* _What is required_: Reproduce the records in full. Alter nothing.

* _Supplied data_:

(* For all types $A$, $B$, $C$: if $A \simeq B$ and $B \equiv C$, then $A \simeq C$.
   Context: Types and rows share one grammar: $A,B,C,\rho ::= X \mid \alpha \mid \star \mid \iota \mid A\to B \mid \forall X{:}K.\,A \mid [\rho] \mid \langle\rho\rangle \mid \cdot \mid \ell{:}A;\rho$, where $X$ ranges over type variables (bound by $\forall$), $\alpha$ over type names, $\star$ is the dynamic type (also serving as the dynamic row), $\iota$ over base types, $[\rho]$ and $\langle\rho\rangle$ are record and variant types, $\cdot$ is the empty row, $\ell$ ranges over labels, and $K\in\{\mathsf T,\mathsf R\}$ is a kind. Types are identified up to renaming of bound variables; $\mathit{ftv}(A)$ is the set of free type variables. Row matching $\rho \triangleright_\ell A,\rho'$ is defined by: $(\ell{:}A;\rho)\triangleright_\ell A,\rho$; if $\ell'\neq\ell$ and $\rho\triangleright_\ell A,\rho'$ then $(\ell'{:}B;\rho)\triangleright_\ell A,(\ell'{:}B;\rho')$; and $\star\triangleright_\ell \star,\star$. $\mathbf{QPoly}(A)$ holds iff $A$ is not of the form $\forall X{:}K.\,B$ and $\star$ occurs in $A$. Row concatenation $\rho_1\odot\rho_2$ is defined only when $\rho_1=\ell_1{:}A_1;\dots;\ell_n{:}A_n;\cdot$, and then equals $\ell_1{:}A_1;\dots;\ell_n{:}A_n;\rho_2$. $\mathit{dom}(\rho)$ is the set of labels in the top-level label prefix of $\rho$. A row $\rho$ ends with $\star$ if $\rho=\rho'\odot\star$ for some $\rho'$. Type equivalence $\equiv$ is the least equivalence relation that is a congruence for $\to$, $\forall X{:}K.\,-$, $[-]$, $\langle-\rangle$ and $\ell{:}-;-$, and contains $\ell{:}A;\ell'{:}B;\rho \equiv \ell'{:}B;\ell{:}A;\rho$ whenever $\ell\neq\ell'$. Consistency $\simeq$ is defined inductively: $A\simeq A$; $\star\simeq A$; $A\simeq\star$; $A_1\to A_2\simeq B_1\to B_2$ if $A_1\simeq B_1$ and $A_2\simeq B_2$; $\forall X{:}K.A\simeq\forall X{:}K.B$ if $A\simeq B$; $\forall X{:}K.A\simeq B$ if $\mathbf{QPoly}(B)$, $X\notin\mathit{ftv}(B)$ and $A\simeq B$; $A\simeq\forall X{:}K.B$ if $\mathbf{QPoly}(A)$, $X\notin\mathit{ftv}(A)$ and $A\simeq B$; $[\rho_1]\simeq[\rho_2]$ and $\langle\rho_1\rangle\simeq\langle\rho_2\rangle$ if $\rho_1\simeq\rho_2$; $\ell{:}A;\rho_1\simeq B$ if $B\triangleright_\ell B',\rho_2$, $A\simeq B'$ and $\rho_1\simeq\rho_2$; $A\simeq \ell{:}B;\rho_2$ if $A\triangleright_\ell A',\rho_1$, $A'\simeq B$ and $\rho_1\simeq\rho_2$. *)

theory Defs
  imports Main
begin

* _Expected answer_:
(* For all types $A$, $B$, $C$: if $A \simeq B$ and $B \equiv C$, then $A \simeq C$.
   Context: Types and rows share one grammar: $A,B,C,\rho ::= X \mid \alpha \mid \star \mid \iota \mid A\to B \mid \forall X{:}K.\,A \mid [\rho] \mid \langle\rho\rangle \mid \cdot \mid \ell{:}A;\rho$, where $X$ ranges over type variables (bound by $\forall$), $\alpha$ over type names, $\star$ is the dynamic type (also serving as the dynamic row), $\iota$ over base types, $[\rho]$ and $\langle\rho\rangle$ are record and variant types, $\cdot$ is the empty row, $\ell$ ranges over labels, and $K\in\{\mathsf T,\mathsf R\}$ is a kind. Types are identified up to renaming of bound variables; $\mathit{ftv}(A)$ is the set of free type variables. Row matching $\rho \triangleright_\ell A,\rho'$ is defined by: $(\ell{:}A;\rho)\triangleright_\ell A,\rho$; if $\ell'\neq\ell$ and $\rho\triangleright_\ell A,\rho'$ then $(\ell'{:}B;\rho)\triangleright_\ell A,(\ell'{:}B;\rho')$; and $\star\triangleright_\ell \star,\star$. $\mathbf{QPoly}(A)$ holds iff $A$ is not of the form $\forall X{:}K.\,B$ and $\star$ occurs in $A$. Row concatenation $\rho_1\odot\rho_2$ is defined only when $\rho_1=\ell_1{:}A_1;\dots;\ell_n{:}A_n;\cdot$, and then equals $\ell_1{:}A_1;\dots;\ell_n{:}A_n;\rho_2$. $\mathit{dom}(\rho)$ is the set of labels in the top-level label prefix of $\rho$. A row $\rho$ ends with $\star$ if $\rho=\rho'\odot\star$ for some $\rho'$. Type equivalence $\equiv$ is the least equivalence relation that is a congruence for $\to$, $\forall X{:}K.\,-$, $[-]$, $\langle-\rangle$ and $\ell{:}-;-$, and contains $\ell{:}A;\ell'{:}B;\rho \equiv \ell'{:}B;\ell{:}A;\rho$ whenever $\ell\neq\ell'$. Consistency $\simeq$ is defined inductively: $A\simeq A$; $\star\simeq A$; $A\simeq\star$; $A_1\to A_2\simeq B_1\to B_2$ if $A_1\simeq B_1$ and $A_2\simeq B_2$; $\forall X{:}K.A\simeq\forall X{:}K.B$ if $A\simeq B$; $\forall X{:}K.A\simeq B$ if $\mathbf{QPoly}(B)$, $X\notin\mathit{ftv}(B)$ and $A\simeq B$; $A\simeq\forall X{:}K.B$ if $\mathbf{QPoly}(A)$, $X\notin\mathit{ftv}(A)$ and $A\simeq B$; $[\rho_1]\simeq[\rho_2]$ and $\langle\rho_1\rangle\simeq\langle\rho_2\rangle$ if $\rho_1\simeq\rho_2$; $\ell{:}A;\rho_1\simeq B$ if $B\triangleright_\ell B',\rho_2$, $A\simeq B'$ and $\rho_1\simeq\rho_2$; $A\simeq \ell{:}B;\rho_2$ if $A\triangleright_\ell A',\rho_1$, $A'\simeq B$ and $\rho_1\simeq\rho_2$. *)

theory Defs
  imports Main
begin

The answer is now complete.